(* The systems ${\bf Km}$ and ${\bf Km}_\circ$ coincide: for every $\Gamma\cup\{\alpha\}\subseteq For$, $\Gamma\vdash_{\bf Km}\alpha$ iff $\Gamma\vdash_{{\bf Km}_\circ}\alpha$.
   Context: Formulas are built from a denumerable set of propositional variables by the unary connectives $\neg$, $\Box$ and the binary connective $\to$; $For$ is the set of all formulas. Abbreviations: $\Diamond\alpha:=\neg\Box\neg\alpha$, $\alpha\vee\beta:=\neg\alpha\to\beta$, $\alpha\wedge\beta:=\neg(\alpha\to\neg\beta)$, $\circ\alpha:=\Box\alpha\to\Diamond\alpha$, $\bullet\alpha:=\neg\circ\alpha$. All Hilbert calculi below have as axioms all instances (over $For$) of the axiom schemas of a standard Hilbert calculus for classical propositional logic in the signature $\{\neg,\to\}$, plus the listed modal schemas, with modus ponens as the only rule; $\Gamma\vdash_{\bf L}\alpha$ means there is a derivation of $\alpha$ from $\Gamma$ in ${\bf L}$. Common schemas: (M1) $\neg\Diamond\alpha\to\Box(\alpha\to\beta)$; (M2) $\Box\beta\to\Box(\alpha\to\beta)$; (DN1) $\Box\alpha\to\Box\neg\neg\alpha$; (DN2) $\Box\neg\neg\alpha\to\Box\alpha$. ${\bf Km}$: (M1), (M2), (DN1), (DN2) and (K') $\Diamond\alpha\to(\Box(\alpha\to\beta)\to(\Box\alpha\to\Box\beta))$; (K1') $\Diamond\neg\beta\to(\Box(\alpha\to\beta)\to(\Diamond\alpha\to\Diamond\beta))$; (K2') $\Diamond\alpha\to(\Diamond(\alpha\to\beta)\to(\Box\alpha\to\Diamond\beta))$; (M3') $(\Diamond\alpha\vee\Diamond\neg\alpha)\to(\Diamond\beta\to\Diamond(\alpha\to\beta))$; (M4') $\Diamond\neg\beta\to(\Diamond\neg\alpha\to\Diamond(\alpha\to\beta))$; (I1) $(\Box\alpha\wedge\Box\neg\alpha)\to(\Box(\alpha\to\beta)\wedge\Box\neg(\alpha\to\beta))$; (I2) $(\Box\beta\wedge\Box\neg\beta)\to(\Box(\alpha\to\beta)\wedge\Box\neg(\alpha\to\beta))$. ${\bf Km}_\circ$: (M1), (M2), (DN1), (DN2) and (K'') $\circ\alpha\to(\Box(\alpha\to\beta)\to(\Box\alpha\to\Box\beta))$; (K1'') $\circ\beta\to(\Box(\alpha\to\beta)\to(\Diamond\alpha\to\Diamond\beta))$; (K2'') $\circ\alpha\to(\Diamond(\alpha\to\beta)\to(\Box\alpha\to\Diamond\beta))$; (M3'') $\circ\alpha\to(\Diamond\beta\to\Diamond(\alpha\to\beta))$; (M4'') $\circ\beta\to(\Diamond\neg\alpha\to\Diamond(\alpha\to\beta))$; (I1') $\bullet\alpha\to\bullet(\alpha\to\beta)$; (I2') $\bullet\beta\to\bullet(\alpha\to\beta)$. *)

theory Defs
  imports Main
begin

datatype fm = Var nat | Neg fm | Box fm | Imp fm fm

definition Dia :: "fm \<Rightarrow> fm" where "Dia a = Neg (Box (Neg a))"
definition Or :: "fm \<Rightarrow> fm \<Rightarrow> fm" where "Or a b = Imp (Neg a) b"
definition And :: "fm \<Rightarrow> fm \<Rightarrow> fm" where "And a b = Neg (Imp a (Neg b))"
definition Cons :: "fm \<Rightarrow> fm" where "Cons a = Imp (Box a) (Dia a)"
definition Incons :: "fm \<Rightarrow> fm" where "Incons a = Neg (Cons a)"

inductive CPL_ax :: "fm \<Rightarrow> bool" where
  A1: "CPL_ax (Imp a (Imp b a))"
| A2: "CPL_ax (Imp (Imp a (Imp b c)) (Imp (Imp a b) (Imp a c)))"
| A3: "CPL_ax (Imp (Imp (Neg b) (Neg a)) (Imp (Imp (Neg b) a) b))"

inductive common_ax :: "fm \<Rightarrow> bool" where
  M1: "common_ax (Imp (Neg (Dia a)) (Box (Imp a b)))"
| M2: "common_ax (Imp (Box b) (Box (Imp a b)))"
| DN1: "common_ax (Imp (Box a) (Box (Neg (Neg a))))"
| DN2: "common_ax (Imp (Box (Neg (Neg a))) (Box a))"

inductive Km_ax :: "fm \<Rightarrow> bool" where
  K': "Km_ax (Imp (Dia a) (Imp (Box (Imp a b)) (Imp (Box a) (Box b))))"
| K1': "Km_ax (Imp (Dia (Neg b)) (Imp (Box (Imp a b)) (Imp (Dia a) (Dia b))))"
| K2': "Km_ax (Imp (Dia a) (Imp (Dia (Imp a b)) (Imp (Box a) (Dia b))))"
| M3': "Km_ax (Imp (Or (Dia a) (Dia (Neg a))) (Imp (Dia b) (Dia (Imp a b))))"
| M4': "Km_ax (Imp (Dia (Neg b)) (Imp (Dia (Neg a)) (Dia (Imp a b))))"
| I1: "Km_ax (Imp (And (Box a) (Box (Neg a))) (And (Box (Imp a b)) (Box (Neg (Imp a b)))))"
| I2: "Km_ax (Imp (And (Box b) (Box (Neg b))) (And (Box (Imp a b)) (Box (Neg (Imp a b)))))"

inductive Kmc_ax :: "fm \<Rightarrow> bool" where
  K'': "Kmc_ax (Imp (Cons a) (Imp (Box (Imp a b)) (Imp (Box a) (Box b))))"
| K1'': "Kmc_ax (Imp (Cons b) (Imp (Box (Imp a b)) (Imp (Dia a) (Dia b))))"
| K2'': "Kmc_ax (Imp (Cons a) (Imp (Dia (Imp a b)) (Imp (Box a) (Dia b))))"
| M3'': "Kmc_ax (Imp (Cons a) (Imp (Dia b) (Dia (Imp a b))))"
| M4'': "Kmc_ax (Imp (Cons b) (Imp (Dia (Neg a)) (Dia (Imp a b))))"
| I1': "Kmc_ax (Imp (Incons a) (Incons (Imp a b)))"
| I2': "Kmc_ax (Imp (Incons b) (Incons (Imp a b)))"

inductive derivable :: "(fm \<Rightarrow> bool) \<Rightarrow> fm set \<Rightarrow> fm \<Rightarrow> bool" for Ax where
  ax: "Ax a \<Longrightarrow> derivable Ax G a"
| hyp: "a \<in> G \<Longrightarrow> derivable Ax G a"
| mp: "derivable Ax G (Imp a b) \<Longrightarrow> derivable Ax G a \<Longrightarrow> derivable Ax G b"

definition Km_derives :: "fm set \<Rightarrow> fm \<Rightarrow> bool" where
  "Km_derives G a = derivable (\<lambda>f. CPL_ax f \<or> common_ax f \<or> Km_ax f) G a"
═══
What is needed
How many lines of the material above have the word "Longrightarrow" in them? Give only that number.

Solution for this problem
3